5 Ways to Stay Sane When Your Boss Is Insane

Chances are you've worked with one or know someone who has.

They can be vicious and vindictive, erratic and unorthodox, scatterbrained and dysfunctional.

Insane bosses can drive their workers crazy.

“I’ve had a number of patients where working for difficult employers is at least part of the overall stress in their lives,” said Dr. Keith Ablow, a psychiatrist and FOX News contributor.

But there are ways to handle bad bosses.

Ablow offers five ways to stay sane when your boss isn't:

1.) Do some soul-searching. Maybe the problem is you. It’s easy to blame the source of your stress on your employer, but sometimes the problem lies within.

“I tell my patients to do a lot of soul-searching to make sure the boss or the situation at work isn’t replicating or dredging up old feelings that come from another place or another person,” Ablow said.

For example, if you’ve had more than one job where you’ve felt as though your boss has had unreasonable expectations, maybe the feelings are coming from someplace else.

“With one of my patients, we traced it back to home and unreasonable expectations of parents,” Ablow said. “So you have to make sure you’re really talking about a person who objects to a real situation at work and not something deeper.”

2.) Communicate better.

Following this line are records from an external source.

(* Let $b>1$, let $(p,R,I)$ be proper with $I$ non-empty, and let $k$ be the greatest divisor of $p$ coprime with $b$. Then the $0$-circuits of the minimisation of $\mathcal{C}_{R,p,I}$ have a total of $k+1$ states.
   Context: $A_b=\{0,\ldots,b-1\}$. Given $p\ge1$, $R\subseteq\{0,\ldots,p-1\}$, finite $I\subseteq\mathbb{N}$, let $S=(R+p\mathbb{N})\oplus I$ ($\oplus$ = symmetric difference). $(p,R,I)$ is proper if $p$ is the smallest positive integer for which $S=(R'+p\mathbb{N})\oplus I'$ for some $R'\subseteq\{0,\ldots,p-1\}$ and finite $I'$. $\mathcal{A}_{R,p}$: states $\{0,\ldots,p-1\}$, initial $0$, final $R$, transitions $n\xrightarrow{a}(nb+a)\bmod p$. With $m=\max I$, $\mathcal{B}_I$: states $\{0,\ldots,m\}\cup\{\bot\}$, initial $0$, final $I$, transitions $i\xrightarrow{a}ib+a$ if $ib+a\le m$, else $i\xrightarrow{a}\bot$, and $\bot\xrightarrow{a}\bot$. $\mathcal{C}_{R,p,I}$ is the accessible part of the product of $\mathcal{A}_{R,p}$ and $\mathcal{B}_I$ (initial state $(0,0)$, componentwise transitions), with $(s,t)$ final iff exactly one of $s\in R$, $t\in I$ holds. The minimisation is the complete deterministic automaton with fewest states accepting the same language. A $0$-circuit is a circuit all of whose transitions are labelled $0$. *)

theory Defs
  imports Main
begin

record 'q dfa =
  states :: "'q set"
  init   :: 'q
  final  :: "'q set"
  trans  :: "'q \<Rightarrow> nat \<Rightarrow> 'q"

definition run :: "'q dfa \<Rightarrow> 'q \<Rightarrow> nat list \<Rightarrow> 'q" where
  "run M q w = foldl (trans M) q w"

definition words :: "nat \<Rightarrow> nat list set" where
  "words b = {w. set w \<subseteq> {..<b}}"

definition lang :: "nat \<Rightarrow> 'q dfa \<Rightarrow> nat list set" where
  "lang b M = {w \<in> words b. run M (init M) w \<in> final M}"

Regardless of whether the stressful situation is real or transference from another part of your life, you will have to learn to manage your interactions with your boss.

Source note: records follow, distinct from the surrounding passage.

lemma relabel_topologically_transitive:
  assumes U: "openin G_top U" "U \<noteq> {}" and V: "openin G_top V" "V \<noteq> {}"
  obtains s A where "bij_betw s Npos Npos" "s 1 = 1" "A \<in> V" "relabel s A \<in> U"
proof -
  obtain H1 H2 where H: "H1 \<in> V" "H2 \<in> U"
    using U V by blast
  then have H_Grp: "H1 \<in> GrpTables" "H2 \<in> GrpTables"
    using U V openin_subset topspace_G_top by blast+
  obtain F1 where F1: "finite F1" "F1 \<subseteq> Npos"
    and V_F1: "\<And>A. A \<in> GrpTables \<Longrightarrow> (\<And>n m. n \<in> F1 \<Longrightarrow> m \<in> F1 \<Longrightarrow> A (n, m) = H1 (n, m))
      \<Longrightarrow> A \<in> V"
    using openin_G_top_finite_support[OF V(1) H(1)] by blast
  obtain F2 where F2: "finite F2" "F2 \<subseteq> Npos"
    and U_F2: "\<And>A. A \<in> GrpTables \<Longrightarrow> (\<And>n m. n \<in> F2 \<Longrightarrow> m \<in> F2 \<Longrightarrow> A (n, m) = H2 (n, m))
      \<Longrightarrow> A \<in> U"
    using openin_G_top_finite_support[OF U(1) H(2)] by blast
  \<comment> \<open>Two labellings of \<open>H1 \<times> H2\<close>: one sees \<open>H1\<close> on \<open>F1\<close>, the other sees \<open>H2\<close> on \<open>F2\<close>.\<close>
  define D where "D = grp_of H1 \<times>\<times> grp_of H2"
  have D: "group D" "countable (carrier D)" "infinite (carrier D)"
    using H_Grp infinite_Ici
    by (auto simp: D_def grp_of_def GrpTables_def finite_cartesian_product_iff intro: DirProd_group)
  have "H1 (1, 1) = 1" "H2 (1, 1) = 1"
    using H_Grp GrpTables_one_mult by auto
  then have hom: "(\<lambda>x. (x, 1)) \<in> hom (grp_of H1) D" "(\<lambda>x. (1, x)) \<in> hom (grp_of H2) D"
    using H_Grp GrpTables_in_Npos by (auto simp: hom_def D_def grp_of_def)
  have inj: "inj_on (\<lambda>x. (x, 1 :: nat)) Npos" "inj_on (\<lambda>x. (1 :: nat, x)) Npos"
    by (auto simp: inj_on_def)
  obtain b where b: "bij_betw b Npos (carrier D)" "b 1 = \<one>\<^bsub>D\<^esub>"
    "\<And>n m. n \<in> F1 \<Longrightarrow> m \<in> F1 \<Longrightarrow> transport_table b D (n, m) = H1 (n, m)"
    using embedding_extends_to_labelling[OF D H_Grp(1) F1 hom(1) inj(1)] by blast
  obtain c where c: "bij_betw c Npos (carrier D)" "c 1 = \<one>\<^bsub>D\<^esub>"
    "\<And>n m. n \<in> F2 \<Longrightarrow> m \<in> F2 \<Longrightarrow> transport_table c D (n, m) = H2 (n, m)"
    using embedding_extends_to_labelling[OF D H_Grp(2) F2 hom(2) inj(2)] by blast
  have "b 1 = c 1"
    using b(2) c(2) by simp
  then obtain s where s: "bij_betw s Npos Npos" "s 1 = 1"
    "relabel s (transport_table b D) = transport_table c D"
    by (rule transport_tables_related_by_relabel[OF D(1) b(1) c(1)])
  have "transport_table b D \<in> V"
    using V_F1 transport_table_GrpTables[OF D(1) b(1,2)] b(3) by blast
  moreover have "relabel s (transport_table b D) \<in> U"
    using U_F2 transport_table_GrpTables[OF D(1) c(1,2)] c(3) s(3) by simp
  ultimately show ?thesis
    using that s(1,2) by blast
qed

Ablow suggests better communication.

“It’s OK if one needs to tell their boss, “I would love to have this project all reworked by tomorrow and I will make every attempt to do that, but this might be an unreasonable task given that we spent three weeks working on the first draft,’” he said.

Also try to learn from your boss.

“This is the person that is running the company and there’s a reason for that,” Ablow said. “It’s easy to get into the trap of discounting the talents of your boss because of the turmoil a difficult boss can create. But, very often, there’s a good reason for them to be in the chair he or she occupies.”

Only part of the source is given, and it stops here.